Right now I'm using the family PC (gah) and I set the 2wire router to not have a WEP key. I even downloaded and transferred the driver to connect using the ethernet cable. Nope, not working.

I know there are alot of Google search results regarding AirPort/2wire issues, but none of them help (not until now). So could someone please PLEASE help me with this? I would consider you a saviour and send you chocolates. :3

Thank you (and sorry about the last bit),
Leiki


----------



## MacAdict (Apr 14, 2006)

It is hard to say, but to me it sounds like you do not have internet set up on your router. If there is a place on your router to plug your internet in, make sure it is in.

Do you have any other computers connected wirelessly? 

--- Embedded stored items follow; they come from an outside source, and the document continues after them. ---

lemma qpochhammer_add: "qpochhammer a (m + l) = qpochhammer a m * qpochhammer (a * qX ^ m) l"
  by (induction l) (simp_all add: qpochhammer_Suc power_add mult.assoc)

lemma qpoch_0 [simp]: "qpoch 0 = 1"
  by (simp add: qpoch_def)

lemma qpoch_Suc: "qpoch (Suc m) = qpoch m * (1 - qX ^ Suc m)"
  by (simp add: qpoch_def prod.cl_ivl_Suc)

lemma qpoch_eq_qpochhammer: "qpoch m = qpochhammer qX m"
  by (induction m) (simp_all add: qpoch_Suc qpochhammer_Suc)

lemma qpoch_add: "qpoch (a + b) = qpoch a * qpochhammer (qX ^ Suc a) b"
  by (simp add: qpoch_eq_qpochhammer qpochhammer_add)

lemma one_minus_qX_power_nonzero:
  assumes "i \<ge> 1" shows "1 - qX ^ i \<noteq> 0"
proof
  assume "1 - qX ^ i = 0"
  then have "poly (1 - qX ^ i) (2::rat) = 0" by simp
  moreover have "(1::rat) < 2 ^ i" using assms by (intro one_less_power) auto
  ultimately show False by (simp add: qX_def)
qed

lemma qpoch_nonzero: "qpoch m \<noteq> 0"
  unfolding qpoch_def using one_minus_qX_power_nonzero by auto

subsection \<open>Gaussian polynomials\<close>

fun gauss_poly :: "nat \<Rightarrow> nat \<Rightarrow> rat poly" where
  "gauss_poly 0 b = 1"
| "gauss_poly (Suc a) 0 = 1"
| "gauss_poly (Suc a) (Suc b) = gauss_poly (Suc a) b + qX ^ Suc b * gauss_poly a (Suc b)"

lemma gauss_poly_0_right [simp]: "gauss_poly a 0 = 1"
  by (cases a) auto

lemma gauss_poly_qpoch: "gauss_poly a b * qpoch a * qpoch b = qpoch (a + b)"
proof (induction a b rule: gauss_poly.induct)
  case (3 a b)
  let ?Q = "qpoch (Suc (a + b))"
  have "gauss_poly (Suc a) (Suc b) * qpoch (Suc a) * qpoch (Suc b)
      = (gauss_poly (Suc a) b * qpoch (Suc a) * qpoch b) * (1 - qX ^ Suc b)
        + qX ^ Suc b * (gauss_poly a (Suc b) * qpoch a * qpoch (Suc b)) * (1 - qX ^ Suc a)"
    by (simp only: gauss_poly.simps qpoch_Suc) (simp add: algebra_simps)
  also have "\<dots> = ?Q * (1 - qX ^ Suc b) + qX ^ Suc b * ?Q * (1 - qX ^ Suc a)"
    using 3 by simp
  also have "\<dots> = ?Q * (1 - qX ^ Suc (Suc (a + b)))"
    by (simp add: algebra_simps flip: power_add)
  also have "\<dots> = qpoch (Suc a + Suc b)"
    by (simp add: qpoch_Suc)
  finally show ?case .
qed simp_all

If none of this helps, you might want to try going to the networking forum. You wil get people who know more about networking there (I am not an expert at it in any way).


----------



## VegasACF (May 27, 2005)

You might also want to verify that your router has the most recent firmware revision.


----------



## kalisun (Aug 6, 2003)

Here's a few things you need to check...

Make sure only one device is set to give out IP addresses, if both airport and 2wire are set to give out ip's you'll get a conflict. Either turn of DHCP in airport or router. Also make sure you have the airport connected properly to the router. I would also recommend disabling any encryption that you have until you can get the airport and router working..


----------



## natcom (Sep 21, 2003)

make sure your router is picking up a Wan IP address from your Internet service provider or it will look as if you were connected but in fact you are not


----------